## [DATA EXCERPTS]
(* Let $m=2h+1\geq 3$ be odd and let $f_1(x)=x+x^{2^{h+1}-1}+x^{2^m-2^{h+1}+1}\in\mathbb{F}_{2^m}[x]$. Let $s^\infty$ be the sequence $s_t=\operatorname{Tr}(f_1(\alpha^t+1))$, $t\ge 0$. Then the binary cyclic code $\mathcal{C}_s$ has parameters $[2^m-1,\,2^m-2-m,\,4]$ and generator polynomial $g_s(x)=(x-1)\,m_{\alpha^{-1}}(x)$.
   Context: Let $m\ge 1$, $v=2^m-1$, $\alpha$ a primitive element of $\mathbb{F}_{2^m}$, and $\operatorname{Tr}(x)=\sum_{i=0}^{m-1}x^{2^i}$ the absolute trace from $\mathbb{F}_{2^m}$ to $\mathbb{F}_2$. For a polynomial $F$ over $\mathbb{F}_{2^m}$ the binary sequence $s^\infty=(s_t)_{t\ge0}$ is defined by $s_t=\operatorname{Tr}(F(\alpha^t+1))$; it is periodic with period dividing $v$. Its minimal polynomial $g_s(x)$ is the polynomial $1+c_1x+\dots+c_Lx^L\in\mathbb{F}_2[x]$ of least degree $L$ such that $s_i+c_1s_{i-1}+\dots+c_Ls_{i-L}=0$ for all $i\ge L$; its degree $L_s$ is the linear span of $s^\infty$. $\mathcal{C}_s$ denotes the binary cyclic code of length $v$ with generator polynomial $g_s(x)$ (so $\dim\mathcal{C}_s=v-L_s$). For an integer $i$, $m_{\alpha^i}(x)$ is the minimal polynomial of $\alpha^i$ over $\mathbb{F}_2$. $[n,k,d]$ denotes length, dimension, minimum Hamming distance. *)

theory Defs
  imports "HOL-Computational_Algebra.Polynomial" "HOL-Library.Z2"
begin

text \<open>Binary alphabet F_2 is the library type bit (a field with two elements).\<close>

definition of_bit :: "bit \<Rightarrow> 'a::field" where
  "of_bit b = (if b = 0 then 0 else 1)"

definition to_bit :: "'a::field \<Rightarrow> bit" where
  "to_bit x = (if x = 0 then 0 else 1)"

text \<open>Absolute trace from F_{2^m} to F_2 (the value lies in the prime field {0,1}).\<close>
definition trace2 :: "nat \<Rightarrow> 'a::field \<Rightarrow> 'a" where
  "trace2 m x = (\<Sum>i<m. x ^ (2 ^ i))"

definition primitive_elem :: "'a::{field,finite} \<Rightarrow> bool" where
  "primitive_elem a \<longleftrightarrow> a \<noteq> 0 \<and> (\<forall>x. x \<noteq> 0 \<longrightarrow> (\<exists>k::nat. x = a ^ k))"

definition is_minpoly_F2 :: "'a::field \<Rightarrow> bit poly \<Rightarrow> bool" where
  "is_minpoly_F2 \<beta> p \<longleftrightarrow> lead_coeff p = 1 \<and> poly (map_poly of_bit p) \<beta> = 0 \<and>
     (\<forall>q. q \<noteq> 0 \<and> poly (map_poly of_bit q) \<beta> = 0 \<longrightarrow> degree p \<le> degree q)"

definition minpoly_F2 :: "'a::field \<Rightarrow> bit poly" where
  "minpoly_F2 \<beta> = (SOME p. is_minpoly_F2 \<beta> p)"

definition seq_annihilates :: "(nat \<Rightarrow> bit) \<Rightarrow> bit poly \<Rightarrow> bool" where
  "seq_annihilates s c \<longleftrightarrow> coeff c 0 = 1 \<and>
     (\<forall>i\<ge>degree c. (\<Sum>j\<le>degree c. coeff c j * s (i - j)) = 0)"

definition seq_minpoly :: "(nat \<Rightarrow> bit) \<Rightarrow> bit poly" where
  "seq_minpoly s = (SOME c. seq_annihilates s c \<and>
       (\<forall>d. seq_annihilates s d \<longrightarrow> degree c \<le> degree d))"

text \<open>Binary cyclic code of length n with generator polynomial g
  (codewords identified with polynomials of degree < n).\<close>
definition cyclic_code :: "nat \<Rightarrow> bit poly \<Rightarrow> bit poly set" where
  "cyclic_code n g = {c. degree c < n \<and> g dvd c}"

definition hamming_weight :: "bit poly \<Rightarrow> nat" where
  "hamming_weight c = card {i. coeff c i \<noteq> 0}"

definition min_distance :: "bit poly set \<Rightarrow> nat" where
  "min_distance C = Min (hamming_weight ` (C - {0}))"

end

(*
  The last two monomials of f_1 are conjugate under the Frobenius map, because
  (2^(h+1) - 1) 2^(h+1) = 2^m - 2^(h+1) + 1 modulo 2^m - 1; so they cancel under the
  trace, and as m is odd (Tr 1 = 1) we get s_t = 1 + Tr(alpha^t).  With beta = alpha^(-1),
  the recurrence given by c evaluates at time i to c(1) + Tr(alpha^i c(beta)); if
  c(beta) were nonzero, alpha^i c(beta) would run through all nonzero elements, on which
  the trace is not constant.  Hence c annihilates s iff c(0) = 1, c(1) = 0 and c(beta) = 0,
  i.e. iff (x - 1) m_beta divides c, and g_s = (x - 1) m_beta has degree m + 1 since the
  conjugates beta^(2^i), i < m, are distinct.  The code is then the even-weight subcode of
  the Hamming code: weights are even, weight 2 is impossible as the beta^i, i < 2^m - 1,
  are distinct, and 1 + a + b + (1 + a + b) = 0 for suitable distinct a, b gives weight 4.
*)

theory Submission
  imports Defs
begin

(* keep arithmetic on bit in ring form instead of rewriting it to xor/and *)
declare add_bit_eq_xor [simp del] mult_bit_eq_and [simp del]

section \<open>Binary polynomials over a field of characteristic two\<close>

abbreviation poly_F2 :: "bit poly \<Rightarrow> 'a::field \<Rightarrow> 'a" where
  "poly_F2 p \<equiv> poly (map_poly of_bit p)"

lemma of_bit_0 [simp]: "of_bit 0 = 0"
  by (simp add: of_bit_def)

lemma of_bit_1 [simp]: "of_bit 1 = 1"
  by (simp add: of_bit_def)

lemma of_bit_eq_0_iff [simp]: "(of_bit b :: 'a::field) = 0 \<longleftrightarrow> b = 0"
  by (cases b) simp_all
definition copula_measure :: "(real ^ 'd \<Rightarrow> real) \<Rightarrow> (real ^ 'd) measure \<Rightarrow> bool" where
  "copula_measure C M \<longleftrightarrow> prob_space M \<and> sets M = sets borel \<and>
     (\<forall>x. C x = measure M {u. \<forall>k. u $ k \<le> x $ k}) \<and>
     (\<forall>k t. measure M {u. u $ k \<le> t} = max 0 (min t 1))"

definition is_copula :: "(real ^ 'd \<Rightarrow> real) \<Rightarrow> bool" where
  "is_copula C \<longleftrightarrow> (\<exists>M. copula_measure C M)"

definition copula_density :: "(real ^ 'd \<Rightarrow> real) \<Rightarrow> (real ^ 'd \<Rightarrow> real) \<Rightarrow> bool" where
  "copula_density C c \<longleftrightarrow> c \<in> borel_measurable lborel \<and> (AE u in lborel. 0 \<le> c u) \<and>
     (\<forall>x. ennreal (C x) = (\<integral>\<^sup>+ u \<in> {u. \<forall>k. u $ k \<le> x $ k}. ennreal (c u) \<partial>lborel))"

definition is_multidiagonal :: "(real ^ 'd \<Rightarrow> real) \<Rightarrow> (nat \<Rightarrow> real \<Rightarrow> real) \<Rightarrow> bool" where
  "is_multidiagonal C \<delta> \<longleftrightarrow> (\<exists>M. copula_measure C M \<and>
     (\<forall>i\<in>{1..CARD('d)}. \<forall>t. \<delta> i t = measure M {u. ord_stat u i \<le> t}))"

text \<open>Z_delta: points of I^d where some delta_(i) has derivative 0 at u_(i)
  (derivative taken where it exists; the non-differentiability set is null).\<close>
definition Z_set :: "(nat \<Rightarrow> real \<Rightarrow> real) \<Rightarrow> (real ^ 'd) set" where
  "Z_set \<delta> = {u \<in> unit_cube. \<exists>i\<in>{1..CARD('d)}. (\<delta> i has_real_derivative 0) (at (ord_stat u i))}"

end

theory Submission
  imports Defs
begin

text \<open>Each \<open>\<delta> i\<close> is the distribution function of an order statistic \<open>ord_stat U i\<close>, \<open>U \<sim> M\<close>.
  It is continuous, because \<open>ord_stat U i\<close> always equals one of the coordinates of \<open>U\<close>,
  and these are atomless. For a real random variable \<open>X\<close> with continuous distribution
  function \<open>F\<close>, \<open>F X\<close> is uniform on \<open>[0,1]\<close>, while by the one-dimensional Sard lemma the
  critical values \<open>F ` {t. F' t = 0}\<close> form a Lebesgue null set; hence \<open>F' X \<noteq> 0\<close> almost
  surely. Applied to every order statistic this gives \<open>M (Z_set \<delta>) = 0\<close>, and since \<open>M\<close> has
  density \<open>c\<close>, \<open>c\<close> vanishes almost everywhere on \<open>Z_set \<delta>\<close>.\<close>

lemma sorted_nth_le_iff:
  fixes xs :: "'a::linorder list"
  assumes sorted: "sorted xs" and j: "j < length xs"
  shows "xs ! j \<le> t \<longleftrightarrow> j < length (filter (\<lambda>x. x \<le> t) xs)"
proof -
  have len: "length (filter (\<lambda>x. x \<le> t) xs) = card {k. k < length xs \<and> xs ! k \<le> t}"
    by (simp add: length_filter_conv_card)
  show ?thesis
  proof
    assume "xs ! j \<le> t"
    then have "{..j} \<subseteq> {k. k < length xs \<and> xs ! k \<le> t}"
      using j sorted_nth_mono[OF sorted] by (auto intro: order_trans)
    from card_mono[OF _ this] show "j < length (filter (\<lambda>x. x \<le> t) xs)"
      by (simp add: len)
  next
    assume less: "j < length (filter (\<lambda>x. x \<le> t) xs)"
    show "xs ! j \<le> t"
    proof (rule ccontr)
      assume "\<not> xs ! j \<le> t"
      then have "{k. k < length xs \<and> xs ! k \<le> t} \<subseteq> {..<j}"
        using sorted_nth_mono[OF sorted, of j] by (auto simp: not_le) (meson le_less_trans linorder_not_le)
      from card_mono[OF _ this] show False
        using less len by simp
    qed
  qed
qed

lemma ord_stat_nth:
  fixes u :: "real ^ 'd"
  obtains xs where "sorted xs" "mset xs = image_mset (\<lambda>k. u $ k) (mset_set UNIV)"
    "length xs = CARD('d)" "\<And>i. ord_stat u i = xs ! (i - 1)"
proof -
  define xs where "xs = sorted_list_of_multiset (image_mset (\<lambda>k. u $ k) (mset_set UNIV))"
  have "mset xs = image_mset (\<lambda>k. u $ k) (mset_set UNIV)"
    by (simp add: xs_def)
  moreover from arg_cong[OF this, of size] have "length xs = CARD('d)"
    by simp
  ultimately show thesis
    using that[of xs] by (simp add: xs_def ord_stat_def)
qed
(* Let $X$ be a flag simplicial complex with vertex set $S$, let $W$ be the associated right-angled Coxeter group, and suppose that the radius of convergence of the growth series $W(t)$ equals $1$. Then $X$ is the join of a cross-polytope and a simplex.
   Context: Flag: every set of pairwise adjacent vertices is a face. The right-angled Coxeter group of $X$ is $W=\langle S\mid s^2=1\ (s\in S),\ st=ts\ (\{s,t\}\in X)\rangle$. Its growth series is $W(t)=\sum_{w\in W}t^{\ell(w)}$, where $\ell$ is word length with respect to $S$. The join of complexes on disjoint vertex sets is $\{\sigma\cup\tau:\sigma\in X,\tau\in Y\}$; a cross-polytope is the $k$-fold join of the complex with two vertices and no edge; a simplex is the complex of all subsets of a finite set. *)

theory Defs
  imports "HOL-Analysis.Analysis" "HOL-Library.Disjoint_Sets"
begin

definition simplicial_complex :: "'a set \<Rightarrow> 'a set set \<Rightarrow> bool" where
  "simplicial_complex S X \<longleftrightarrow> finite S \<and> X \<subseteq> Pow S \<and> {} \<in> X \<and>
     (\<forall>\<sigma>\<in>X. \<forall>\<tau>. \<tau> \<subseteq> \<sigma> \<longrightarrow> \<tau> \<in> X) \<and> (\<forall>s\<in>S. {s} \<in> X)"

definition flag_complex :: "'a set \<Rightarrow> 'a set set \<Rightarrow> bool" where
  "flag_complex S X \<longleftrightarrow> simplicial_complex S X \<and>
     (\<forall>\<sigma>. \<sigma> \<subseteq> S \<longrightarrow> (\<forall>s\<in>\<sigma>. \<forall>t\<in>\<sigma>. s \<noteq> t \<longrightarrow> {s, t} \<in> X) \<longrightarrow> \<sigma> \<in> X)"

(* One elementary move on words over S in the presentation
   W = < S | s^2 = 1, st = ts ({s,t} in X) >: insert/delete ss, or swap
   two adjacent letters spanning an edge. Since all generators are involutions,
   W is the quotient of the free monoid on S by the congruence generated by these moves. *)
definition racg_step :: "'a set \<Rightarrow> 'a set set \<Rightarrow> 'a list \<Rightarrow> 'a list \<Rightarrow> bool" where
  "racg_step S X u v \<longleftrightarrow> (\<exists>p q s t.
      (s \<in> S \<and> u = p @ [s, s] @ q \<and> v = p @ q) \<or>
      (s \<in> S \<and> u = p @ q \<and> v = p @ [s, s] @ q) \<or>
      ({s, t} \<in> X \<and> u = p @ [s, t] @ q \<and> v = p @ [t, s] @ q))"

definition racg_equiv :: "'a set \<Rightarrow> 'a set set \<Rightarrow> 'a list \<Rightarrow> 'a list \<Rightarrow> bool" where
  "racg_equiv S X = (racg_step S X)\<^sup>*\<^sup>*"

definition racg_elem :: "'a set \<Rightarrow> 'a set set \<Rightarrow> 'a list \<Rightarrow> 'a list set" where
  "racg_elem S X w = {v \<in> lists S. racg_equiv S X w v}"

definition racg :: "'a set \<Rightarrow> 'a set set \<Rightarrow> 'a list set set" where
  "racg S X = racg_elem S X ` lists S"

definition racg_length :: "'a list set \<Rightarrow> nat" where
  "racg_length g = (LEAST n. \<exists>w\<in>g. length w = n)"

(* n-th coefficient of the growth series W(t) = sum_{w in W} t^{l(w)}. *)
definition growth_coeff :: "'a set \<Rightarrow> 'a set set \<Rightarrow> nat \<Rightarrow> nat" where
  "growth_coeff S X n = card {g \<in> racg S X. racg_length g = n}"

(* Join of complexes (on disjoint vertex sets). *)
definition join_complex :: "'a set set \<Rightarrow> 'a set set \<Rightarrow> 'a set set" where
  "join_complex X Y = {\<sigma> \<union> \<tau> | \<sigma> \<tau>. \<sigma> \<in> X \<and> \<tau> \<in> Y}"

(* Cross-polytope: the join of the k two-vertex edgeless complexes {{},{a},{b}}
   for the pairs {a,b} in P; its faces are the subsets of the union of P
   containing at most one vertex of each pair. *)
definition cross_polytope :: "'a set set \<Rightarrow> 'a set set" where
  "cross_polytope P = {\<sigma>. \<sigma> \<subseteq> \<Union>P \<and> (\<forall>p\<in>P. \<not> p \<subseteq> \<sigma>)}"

## [PROBLEM TO WORK ON]
Nothing but the lines with "proof" should be returned, copied from the entries above.

## [TASK ANSWER]
proof -
  proof
    proof (rule ccontr)
proof -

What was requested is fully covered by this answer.